Auditory Evoked Potential-Based Hearing Loss Level Recognition Using Fully Convolutional Neural Networks

Auditory Evoked Potential-Based Hearing Loss Level Recognition Using Fully Convolutional Neural Networks

Ramzi Maalmi Amine Ben SlamaHanene Sahli Hedi Trabelsi 

University of Tunis El Manar, ISTMT, LRBTM, LR13ES07, Tunis 1006, Tunisia

University of Tunis, ENSIT, SIME, Montfleury 1008, Tunisia

Corresponding Author Email: 
amine.slama@istmt.utm.tn
Page: 
611-616
|
DOI: 
https://doi.org/10.18280/ts.390223
Received: 
7 June 2021
|
Revised: 
2 December 2021
|
Accepted: 
12 December 2021
|
Available online: 
30 April 2022
| Citation

© 2022 IIETA. This article is published by IIETA and is licensed under the CC BY 4.0 license (http://creativecommons.org/licenses/by/4.0/).

OPEN ACCESS

Abstract: 

Hearing perception loss is the main common disabilities existing in adults confirmed by the auditory evoked potential exam (AEP). This technique is characterized by limited medical information from feedback response in full routine examination of patients. Body movements, measuring equipment, low-frequency noise are outside factors that cause a misinterpretation. In clinical workflow, AEP signals are manually classified by the experts in order to precise the hearing loss level. In order to enhancethe diagnosis rung rightness, the fully convolutional neural networks methodology is proposed to highlight reliably automated hearing loss analysis. The validation of the proposed approach was focused on 494 factual incorporated auditory loss cases and 177 seen normal undergoing different auditory stimuli (20 dB, 50, 60... and 80 dB) from AEP recordings. The used classification method can represent a highly reduced labor-intensive study loads of ear nose throat (ENT) doctor by applying the pertinent analysis strategy for each hearing loss level and significantly increase the auditory diagnosis performance which provides ability for a computerized ENT assessment. Compared to state-of-the-art methods, the used technique presents a higher accuracy rate by requiring hearing loss level classes.

Keywords: 

computer vision, hearing perception loss, auditory evoked potential (AEP), auditory brainstem responses (ABRs), fully-convolutional neural networks

1. Introduction

The auditory evoked potential (AEP) is an electrical signal produced by the human or animal nervous systems when an external stimulus is presented. The EPs are created after a sensory stimulus such (AEP), or visual auditory evoked potential (VAEP). This proposed work is focused on the AEP signals analysis; it is produced by an external ‘sound’ proceeding to the brain. The research of AEP signals has current early assessment of hearing loss recognition [1]. The Hearing perception level analysis has been the most frequent sensory disability throughout the world. More than 275 million people around the world are affected by several kind of hearing loss associated to different causes [2].
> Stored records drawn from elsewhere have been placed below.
lemma prob_not_hit_le_exp:
  fixes n :: nat and p \<xi> :: real
  defines "\<theta> \<equiv> \<xi> * sqrt (real n * ln (real n))"
  assumes "2 \<le> n" "0 \<le> p" "p < 1" and small: "\<theta> \<le> (1 - p) * real n / 4"
    and start: "s \<in> usd_invariant n p \<theta>"
    and L: "exp 1 * ((\<theta> + 1)\<^sup>2 + (1 - p) * real n / 4 * (1 + ln (real n))) < (1 - p)\<^sup>2 / 128 * real L"
  shows "prob_not_hit n p \<xi> (k * L) s \<le> exp (- real k)"
proof -
  let ?c = "(1 - p) * real n / 4"
  interpret absorbing_chain "stopped (hit_set n p \<xi>) (usd_step n p)" "usd_invariant n p \<theta>" "hit_set n p \<xi>"
    unfolding \<theta>_def using assms by (intro absorbing_chain_usd) auto
  show ?thesis
    unfolding prob_not_hit_def
  proof (rule prob_not_absorbed_le_exp[OF _ _ L start])
    fix s' assume s': "s' \<in> usd_invariant n p \<theta>"
    then show "0 \<le> usd_potential n p ?c s' \<and>
        usd_potential n p ?c s' \<le> (\<theta> + 1)\<^sup>2 + ?c * (1 + ln (real n))"
      using assms by (intro usd_potential_bounds) auto
    assume "s' \<notin> hit_set n p \<xi>"
    then show "usd_potential n p ?c s' + (1 - p)\<^sup>2 / 128
        \<le> measure_pmf.expectation (stopped (hit_set n p \<xi>) (usd_step n p) s') (usd_potential n p ?c)"
      using s' small assms by (auto simp: stopped_def hit_set_def usd_invariant_def \<theta>_def intro!: usd_potential_drift)
  qed
qed

lemma one_le_ln: "3 \<le> x \<Longrightarrow> 1 \<le> ln (x :: real)"
  using exp_le ln_ge_iff by force

lemma potential_bound_le:
  fixes \<xi> q :: real
  assumes "3 \<le> n" "0 \<le> q" "q \<le> 1"
  shows "(\<xi> * sqrt (real n * ln (real n)) + 1)\<^sup>2 + q * real n / 4 * (1 + ln (real n))
           \<le> (2 * \<xi>\<^sup>2 + 3) * (real n * ln (real n))"
proof -
  define m where "m = real n * ln (real n)"
  have "1 \<le> ln (real n)" using assms by (intro one_le_ln) simp
  then have "real n * 1 \<le> m" unfolding m_def by (intro mult_left_mono) auto
  then have "1 \<le> m" using assms by simp
  have "(\<xi> * sqrt m + 1)\<^sup>2 \<le> 2 * (\<xi> * sqrt m)\<^sup>2 + 2"
    using sum_squares_ge_zero[of "\<xi> * sqrt m - 1" 0] by (simp add: power2_eq_square algebra_simps)
  also have "\<dots> = 2 * \<xi>\<^sup>2 * m + 2"
    using \<open>1 \<le> m\<close> by (simp add: power_mult_distrib)
  finally have "(\<xi> * sqrt m + 1)\<^sup>2 \<le> 2 * \<xi>\<^sup>2 * m + 2 * m"
    using \<open>1 \<le> m\<close> by linarith
  moreover have "q * real n / 4 * (1 + ln (real n)) \<le> m"
  proof -
    have "q * real n / 4 * (1 + ln (real n)) \<le> 1 * real n / 4 * (2 * ln (real n))"
      using assms \<open>1 \<le> ln (real n)\<close> by (intro mult_mono divide_right_mono) auto
    moreover have "1 * real n / 4 * (2 * ln (real n)) = m / 2"
      by (simp add: m_def)
    ultimately show ?thesis
      using \<open>1 \<le> m\<close> by linarith
  qed
  moreover have "(2 * \<xi>\<^sup>2 + 3) * m = 2 * \<xi>\<^sup>2 * m + 3 * m"
    by (simp add: algebra_simps)
  ultimately show ?thesis
    unfolding m_def[symmetric] by linarith
qed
AEP signals consist of both positive and negative Peaks, characterized by different parameters such as: latency, amplitude and behavioural correlation [3]. Depending upon the amplitude and latencies, Auditory brainstem responses (ABR) can be subsequently divided into different periods with short (0-12 milliseconds), middle (8-50 milliseconds) and high latency of (50-300 millisecond) [3].

Many researchers generally focused on the evaluation of ABRs waveform, the early signal period (10-12 msec) of AEP.

AEP signal waveform contained different peaks (I-II-III-V), which pre-dominant presence of the V Peak can essentially determine the existence of hearing perception [4, 5].

Different works have been proposed in order to automatically identify the Peak V using a matched filter [6], spectral technique [7] and wavelet method [8].

The major difficulties encountered in classifying the AEP wave Peaks are essential to understand the structure of the signal with definite different Peaks, hence the charge of averaging the AEP signal becomes difficult and time consuming ; then, it’s rather difficult to separate the related III and V peaks; it is also a several task to explore and recognize the AEP peak latencies for abnormal hearing dataset from different sound intensities varying between (the 20 dB to 100 dB) (see Figure 1), which can be caused by auditory nerve pathology. Furthermore, it has been reported that the detection of amplitude of Peak V is complex when the stimulation intensity is below the 30 dB, thus, the defined V Peaks are no longer obvious [9].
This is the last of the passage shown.